::: PROVIDED INFORMATION
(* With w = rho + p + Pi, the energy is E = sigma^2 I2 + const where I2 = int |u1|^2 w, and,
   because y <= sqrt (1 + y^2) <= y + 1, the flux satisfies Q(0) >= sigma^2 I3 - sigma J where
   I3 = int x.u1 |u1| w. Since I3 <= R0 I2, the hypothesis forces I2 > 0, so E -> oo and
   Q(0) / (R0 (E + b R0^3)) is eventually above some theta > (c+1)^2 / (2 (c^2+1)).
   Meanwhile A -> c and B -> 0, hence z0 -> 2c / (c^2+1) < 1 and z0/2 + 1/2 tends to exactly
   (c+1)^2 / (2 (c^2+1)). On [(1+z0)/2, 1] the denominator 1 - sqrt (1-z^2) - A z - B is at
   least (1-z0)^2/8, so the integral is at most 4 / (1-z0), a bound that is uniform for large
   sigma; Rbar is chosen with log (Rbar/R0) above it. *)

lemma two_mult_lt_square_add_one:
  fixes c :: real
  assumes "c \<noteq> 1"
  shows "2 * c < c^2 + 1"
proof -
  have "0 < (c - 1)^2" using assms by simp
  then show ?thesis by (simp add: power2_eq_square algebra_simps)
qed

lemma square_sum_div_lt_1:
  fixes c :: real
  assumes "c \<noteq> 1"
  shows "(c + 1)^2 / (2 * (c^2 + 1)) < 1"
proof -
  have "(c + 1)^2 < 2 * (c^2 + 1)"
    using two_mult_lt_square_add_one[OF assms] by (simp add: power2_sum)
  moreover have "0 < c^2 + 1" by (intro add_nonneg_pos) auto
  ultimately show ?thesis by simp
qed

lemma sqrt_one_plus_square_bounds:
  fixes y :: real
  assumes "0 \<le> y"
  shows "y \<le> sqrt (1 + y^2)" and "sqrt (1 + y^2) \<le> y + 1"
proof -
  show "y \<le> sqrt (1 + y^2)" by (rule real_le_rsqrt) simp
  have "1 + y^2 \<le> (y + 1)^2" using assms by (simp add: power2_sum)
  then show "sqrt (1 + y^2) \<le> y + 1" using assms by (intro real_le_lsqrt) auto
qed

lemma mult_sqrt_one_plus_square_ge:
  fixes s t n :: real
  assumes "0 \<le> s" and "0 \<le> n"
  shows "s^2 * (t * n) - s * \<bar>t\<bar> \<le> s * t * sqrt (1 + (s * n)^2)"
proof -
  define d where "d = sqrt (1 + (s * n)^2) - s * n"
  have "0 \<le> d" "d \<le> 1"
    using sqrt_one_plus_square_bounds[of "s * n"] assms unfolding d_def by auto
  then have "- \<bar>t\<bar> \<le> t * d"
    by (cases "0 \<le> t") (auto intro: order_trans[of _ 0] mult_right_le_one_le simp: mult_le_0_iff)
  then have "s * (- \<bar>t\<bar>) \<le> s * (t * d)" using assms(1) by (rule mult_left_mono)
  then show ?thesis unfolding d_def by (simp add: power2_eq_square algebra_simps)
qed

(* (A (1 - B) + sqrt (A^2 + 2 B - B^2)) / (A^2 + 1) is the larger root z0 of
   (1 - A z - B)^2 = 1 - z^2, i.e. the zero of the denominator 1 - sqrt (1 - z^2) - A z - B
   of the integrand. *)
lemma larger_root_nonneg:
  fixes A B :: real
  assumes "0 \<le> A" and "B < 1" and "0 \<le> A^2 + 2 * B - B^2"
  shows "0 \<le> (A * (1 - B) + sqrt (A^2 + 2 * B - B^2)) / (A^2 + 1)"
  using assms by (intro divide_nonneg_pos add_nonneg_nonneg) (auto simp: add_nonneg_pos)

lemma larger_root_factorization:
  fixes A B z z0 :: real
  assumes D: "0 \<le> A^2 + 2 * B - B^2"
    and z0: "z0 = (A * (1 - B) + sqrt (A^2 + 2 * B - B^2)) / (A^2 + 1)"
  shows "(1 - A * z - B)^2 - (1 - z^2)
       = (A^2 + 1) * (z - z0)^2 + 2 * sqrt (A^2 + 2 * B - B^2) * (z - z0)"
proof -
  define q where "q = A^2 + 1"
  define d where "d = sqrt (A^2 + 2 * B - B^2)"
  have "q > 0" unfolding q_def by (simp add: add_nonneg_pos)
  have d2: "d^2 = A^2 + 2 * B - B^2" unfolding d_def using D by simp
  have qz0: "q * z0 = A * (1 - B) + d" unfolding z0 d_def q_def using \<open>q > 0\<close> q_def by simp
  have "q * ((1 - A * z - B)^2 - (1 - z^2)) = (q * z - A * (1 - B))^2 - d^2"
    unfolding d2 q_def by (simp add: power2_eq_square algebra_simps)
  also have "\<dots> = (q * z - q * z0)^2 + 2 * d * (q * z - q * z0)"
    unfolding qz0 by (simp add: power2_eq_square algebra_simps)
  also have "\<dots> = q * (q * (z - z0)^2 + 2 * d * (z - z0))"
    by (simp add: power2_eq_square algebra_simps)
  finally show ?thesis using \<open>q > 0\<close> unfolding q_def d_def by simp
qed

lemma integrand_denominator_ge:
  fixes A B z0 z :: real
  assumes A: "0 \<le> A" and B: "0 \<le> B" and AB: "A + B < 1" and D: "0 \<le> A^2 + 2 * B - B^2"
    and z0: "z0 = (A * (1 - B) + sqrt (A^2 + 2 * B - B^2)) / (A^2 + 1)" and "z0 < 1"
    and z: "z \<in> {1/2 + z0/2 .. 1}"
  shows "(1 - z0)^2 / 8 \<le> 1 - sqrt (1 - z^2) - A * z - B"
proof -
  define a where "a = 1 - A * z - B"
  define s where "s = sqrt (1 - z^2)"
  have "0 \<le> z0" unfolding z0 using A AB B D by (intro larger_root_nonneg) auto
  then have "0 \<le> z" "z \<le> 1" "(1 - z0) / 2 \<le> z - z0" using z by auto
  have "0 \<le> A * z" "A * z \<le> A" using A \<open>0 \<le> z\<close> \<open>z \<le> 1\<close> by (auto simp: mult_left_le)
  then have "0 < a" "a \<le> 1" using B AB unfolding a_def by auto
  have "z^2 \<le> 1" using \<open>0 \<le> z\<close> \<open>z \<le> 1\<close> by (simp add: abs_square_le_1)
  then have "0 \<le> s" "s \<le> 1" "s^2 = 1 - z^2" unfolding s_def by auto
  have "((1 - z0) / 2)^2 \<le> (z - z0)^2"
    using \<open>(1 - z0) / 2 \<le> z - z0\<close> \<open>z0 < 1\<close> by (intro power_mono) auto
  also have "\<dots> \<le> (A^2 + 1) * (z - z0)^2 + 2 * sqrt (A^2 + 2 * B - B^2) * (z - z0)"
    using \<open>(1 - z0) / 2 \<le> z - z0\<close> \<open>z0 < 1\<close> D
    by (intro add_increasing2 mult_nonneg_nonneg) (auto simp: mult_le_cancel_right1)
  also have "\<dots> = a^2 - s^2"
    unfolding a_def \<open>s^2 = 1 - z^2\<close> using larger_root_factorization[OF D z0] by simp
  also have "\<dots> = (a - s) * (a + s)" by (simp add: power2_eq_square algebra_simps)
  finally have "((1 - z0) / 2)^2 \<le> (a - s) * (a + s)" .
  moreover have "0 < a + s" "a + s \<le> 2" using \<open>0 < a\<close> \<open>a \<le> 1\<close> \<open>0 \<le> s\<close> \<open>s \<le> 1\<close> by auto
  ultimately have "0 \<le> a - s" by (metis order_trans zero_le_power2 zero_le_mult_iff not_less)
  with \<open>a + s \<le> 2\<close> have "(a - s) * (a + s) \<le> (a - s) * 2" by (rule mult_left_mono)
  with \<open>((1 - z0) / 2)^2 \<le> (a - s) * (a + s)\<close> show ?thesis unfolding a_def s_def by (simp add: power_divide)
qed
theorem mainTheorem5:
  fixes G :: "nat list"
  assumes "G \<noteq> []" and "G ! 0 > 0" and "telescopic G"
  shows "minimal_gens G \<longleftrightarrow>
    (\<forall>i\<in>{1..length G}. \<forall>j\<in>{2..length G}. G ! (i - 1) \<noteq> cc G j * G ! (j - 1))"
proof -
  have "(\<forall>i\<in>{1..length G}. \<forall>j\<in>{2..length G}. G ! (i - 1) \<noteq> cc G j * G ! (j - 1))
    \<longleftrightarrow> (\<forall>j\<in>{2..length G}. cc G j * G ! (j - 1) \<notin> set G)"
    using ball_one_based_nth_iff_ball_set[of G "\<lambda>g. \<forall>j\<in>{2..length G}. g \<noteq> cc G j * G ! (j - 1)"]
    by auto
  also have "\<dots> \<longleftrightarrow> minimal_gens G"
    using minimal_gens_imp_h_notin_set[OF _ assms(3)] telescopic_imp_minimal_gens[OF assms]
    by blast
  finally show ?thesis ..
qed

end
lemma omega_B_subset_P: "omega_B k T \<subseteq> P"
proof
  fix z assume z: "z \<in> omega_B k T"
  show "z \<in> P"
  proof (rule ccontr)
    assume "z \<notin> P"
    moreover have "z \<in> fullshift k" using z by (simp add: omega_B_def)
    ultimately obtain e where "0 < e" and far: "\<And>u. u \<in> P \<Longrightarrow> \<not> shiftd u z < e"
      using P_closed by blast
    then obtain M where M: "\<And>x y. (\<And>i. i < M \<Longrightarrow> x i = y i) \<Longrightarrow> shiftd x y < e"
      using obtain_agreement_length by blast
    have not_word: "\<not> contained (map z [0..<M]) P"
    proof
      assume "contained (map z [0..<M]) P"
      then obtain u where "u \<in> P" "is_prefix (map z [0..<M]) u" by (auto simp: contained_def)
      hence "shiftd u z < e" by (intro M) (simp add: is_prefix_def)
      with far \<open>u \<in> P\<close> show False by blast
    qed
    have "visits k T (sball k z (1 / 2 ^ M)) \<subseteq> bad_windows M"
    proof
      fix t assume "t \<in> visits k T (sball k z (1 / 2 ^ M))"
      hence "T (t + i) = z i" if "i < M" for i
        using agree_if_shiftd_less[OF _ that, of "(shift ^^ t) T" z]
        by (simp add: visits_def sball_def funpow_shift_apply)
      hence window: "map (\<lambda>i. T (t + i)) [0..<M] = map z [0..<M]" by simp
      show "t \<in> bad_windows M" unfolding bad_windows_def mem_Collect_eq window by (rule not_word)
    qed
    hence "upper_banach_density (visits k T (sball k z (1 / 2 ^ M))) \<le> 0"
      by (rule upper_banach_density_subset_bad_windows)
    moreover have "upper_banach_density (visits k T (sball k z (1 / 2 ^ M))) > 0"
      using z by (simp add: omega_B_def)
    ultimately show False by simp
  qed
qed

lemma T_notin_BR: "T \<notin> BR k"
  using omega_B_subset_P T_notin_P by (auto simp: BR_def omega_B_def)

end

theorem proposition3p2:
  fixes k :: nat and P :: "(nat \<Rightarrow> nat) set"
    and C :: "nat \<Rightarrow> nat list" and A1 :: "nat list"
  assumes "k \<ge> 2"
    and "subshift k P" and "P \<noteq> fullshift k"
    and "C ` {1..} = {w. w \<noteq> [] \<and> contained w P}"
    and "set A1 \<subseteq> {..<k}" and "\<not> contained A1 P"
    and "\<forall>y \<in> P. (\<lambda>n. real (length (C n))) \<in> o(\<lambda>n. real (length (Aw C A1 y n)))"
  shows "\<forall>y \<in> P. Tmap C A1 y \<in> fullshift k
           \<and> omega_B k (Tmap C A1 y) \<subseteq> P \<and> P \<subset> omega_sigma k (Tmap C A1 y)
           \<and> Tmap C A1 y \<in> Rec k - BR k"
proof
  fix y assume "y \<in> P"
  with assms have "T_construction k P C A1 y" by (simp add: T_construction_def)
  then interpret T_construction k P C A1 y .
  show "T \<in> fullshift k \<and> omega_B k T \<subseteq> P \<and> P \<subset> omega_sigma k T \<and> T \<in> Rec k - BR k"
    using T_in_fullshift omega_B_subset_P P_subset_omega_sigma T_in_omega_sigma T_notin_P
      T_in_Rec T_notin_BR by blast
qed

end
::::::
Of all the entries above, repeat only the lines from the line that has "proof (rule ccontr)" to the line that has "using P_closed by blast", both lines included, exactly.

**SOLUTION TO THIS TASK**
  proof (rule ccontr)
    assume "z \<notin> P"
    moreover have "z \<in> fullshift k" using z by (simp add: omega_B_def)
    ultimately obtain e where "0 < e" and far: "\<And>u. u \<in> P \<Longrightarrow> \<not> shiftd u z < e"
      using P_closed by blast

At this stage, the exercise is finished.